:: Exercise prompt ::
From the data below, copy out every line in which the word "dots" occurs.
(Beginning of Data supplied)
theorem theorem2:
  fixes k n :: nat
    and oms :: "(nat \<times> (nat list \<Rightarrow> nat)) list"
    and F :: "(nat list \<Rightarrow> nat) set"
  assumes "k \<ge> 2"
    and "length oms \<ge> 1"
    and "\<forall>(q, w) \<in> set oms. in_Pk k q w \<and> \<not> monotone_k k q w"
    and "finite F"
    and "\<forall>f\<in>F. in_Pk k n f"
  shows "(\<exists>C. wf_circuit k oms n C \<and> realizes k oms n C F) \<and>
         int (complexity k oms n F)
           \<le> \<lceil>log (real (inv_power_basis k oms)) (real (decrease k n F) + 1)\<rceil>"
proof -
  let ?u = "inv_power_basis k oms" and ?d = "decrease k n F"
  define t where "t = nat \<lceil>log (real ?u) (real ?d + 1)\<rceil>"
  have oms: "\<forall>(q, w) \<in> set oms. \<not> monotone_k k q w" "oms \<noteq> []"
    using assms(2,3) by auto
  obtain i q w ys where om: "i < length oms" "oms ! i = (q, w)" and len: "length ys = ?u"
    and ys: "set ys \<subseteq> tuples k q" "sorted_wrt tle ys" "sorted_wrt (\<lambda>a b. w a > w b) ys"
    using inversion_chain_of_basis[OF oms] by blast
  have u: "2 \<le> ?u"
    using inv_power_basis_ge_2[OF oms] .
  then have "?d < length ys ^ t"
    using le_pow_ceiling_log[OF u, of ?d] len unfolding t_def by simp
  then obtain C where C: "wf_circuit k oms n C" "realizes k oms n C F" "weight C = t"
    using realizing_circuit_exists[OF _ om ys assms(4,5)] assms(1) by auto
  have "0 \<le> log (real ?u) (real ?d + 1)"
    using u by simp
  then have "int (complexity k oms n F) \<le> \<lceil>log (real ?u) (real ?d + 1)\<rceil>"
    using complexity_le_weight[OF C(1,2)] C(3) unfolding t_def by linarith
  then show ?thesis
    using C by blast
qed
(End of Data supplied)
(Beginning of Data supplied)
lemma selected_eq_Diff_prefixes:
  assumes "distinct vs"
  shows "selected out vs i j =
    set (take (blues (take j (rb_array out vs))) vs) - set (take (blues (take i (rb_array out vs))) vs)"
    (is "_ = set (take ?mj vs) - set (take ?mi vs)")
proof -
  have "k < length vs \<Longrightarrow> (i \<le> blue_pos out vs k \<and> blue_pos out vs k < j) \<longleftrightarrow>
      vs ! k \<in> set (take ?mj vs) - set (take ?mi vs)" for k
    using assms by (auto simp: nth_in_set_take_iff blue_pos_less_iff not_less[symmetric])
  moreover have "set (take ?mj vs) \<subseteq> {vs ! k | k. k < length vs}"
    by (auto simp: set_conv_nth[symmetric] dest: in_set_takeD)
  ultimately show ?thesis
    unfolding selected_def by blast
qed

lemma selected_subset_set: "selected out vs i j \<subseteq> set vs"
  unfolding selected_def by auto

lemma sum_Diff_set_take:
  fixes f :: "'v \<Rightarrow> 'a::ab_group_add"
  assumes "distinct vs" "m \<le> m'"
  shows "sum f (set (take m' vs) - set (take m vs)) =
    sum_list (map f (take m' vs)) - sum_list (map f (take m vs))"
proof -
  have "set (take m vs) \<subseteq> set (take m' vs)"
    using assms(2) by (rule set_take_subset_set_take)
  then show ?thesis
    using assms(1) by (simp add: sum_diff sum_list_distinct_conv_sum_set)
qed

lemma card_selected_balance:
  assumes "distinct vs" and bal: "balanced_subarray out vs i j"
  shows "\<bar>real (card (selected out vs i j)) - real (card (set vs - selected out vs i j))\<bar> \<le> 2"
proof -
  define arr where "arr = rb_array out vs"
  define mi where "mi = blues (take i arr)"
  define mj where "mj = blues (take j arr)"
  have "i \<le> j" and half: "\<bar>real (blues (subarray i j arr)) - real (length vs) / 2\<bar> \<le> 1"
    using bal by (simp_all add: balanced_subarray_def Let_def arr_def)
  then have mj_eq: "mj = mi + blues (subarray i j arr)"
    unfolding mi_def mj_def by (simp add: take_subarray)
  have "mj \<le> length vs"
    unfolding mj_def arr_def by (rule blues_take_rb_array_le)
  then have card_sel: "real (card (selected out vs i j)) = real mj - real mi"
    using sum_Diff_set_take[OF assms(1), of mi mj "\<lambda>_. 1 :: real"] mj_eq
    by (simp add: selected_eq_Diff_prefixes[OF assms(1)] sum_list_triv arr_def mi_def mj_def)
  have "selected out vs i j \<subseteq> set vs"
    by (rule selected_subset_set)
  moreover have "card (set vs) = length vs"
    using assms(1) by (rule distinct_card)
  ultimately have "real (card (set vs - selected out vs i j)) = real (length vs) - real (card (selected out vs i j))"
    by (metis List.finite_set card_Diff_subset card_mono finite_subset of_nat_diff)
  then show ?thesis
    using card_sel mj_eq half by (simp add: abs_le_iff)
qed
(End of Data supplied)
(Beginning of Data supplied)
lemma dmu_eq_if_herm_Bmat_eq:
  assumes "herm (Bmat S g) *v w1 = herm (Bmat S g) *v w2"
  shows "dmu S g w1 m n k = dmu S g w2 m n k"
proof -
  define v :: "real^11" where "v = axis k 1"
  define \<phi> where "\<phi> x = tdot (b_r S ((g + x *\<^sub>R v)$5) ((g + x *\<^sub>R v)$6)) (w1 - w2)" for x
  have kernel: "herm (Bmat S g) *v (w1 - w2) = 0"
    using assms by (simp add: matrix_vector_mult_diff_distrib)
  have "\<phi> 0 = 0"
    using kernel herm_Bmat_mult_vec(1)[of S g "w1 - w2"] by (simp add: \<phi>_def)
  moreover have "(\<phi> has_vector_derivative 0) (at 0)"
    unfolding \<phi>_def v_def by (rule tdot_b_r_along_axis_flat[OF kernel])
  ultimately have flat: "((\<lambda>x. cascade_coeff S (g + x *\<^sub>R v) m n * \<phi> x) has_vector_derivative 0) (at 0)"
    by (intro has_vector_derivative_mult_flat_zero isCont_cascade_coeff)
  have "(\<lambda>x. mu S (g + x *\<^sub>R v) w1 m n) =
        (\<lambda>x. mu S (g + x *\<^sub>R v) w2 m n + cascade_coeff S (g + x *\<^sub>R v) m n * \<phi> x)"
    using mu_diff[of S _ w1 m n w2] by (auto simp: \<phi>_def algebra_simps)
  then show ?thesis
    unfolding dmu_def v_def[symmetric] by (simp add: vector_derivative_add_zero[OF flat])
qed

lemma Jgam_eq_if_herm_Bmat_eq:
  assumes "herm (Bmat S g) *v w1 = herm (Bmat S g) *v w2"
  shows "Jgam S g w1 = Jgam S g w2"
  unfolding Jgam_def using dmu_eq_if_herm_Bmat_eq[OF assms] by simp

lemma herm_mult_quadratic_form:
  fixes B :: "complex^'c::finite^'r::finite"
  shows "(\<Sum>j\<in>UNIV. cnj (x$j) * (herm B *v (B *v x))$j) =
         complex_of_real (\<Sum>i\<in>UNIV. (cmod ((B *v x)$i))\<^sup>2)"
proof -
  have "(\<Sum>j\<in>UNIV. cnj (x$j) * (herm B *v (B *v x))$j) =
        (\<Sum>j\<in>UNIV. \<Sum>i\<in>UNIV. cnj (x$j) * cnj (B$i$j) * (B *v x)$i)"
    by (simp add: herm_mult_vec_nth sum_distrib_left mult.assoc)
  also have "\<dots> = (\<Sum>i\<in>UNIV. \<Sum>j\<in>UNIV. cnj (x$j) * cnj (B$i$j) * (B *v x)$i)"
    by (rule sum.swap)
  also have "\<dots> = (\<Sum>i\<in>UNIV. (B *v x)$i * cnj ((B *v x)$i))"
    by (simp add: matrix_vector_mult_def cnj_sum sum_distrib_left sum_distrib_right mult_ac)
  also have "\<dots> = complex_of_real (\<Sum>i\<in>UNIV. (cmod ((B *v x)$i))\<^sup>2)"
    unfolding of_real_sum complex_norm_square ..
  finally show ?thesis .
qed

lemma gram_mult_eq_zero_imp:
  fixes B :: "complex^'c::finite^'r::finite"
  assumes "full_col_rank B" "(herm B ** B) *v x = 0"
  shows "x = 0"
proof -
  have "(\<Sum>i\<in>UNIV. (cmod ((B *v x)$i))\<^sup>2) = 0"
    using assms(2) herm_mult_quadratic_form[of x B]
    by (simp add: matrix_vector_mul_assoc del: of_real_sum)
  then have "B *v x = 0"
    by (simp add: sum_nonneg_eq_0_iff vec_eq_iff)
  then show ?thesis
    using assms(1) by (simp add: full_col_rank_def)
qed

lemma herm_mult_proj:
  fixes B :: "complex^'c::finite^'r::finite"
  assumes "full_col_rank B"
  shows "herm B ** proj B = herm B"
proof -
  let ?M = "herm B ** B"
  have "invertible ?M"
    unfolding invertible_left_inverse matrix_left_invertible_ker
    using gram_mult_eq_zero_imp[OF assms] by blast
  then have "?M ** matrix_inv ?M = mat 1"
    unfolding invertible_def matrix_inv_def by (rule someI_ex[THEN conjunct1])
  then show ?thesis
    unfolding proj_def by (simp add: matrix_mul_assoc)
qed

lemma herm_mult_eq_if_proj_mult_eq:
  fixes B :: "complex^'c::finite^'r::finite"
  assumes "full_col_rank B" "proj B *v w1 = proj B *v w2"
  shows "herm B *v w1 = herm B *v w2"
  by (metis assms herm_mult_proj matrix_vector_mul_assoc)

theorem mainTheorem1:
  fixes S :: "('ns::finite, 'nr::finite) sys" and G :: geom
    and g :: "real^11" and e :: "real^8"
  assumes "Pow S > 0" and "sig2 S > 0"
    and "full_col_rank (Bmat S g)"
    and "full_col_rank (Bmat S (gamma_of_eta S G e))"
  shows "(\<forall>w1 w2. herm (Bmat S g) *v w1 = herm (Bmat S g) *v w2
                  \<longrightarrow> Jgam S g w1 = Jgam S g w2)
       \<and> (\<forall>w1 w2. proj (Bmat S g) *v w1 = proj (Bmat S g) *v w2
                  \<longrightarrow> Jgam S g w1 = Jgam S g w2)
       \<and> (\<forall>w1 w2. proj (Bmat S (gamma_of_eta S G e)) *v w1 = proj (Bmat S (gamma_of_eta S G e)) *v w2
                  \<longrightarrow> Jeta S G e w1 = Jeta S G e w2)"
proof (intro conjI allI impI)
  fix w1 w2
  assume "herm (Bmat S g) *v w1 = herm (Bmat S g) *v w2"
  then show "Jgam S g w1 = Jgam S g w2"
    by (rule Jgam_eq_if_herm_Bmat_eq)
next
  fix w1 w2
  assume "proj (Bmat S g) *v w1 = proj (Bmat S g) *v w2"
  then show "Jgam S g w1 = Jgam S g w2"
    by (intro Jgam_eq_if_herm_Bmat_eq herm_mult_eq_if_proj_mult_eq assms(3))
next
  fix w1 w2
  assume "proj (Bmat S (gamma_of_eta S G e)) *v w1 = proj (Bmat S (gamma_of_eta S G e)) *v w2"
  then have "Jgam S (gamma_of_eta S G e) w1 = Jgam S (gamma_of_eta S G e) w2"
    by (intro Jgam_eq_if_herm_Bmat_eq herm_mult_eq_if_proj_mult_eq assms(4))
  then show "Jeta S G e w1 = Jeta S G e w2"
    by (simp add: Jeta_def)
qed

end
(End of Data supplied)
:: Output below ::
  also have "\<dots> = (\<Sum>i\<in>UNIV. \<Sum>j\<in>UNIV. cnj (x$j) * cnj (B$i$j) * (B *v x)$i)"
  also have "\<dots> = (\<Sum>i\<in>UNIV. (B *v x)$i * cnj ((B *v x)$i))"
  also have "\<dots> = complex_of_real (\<Sum>i\<in>UNIV. (cmod ((B *v x)$i))\<^sup>2)"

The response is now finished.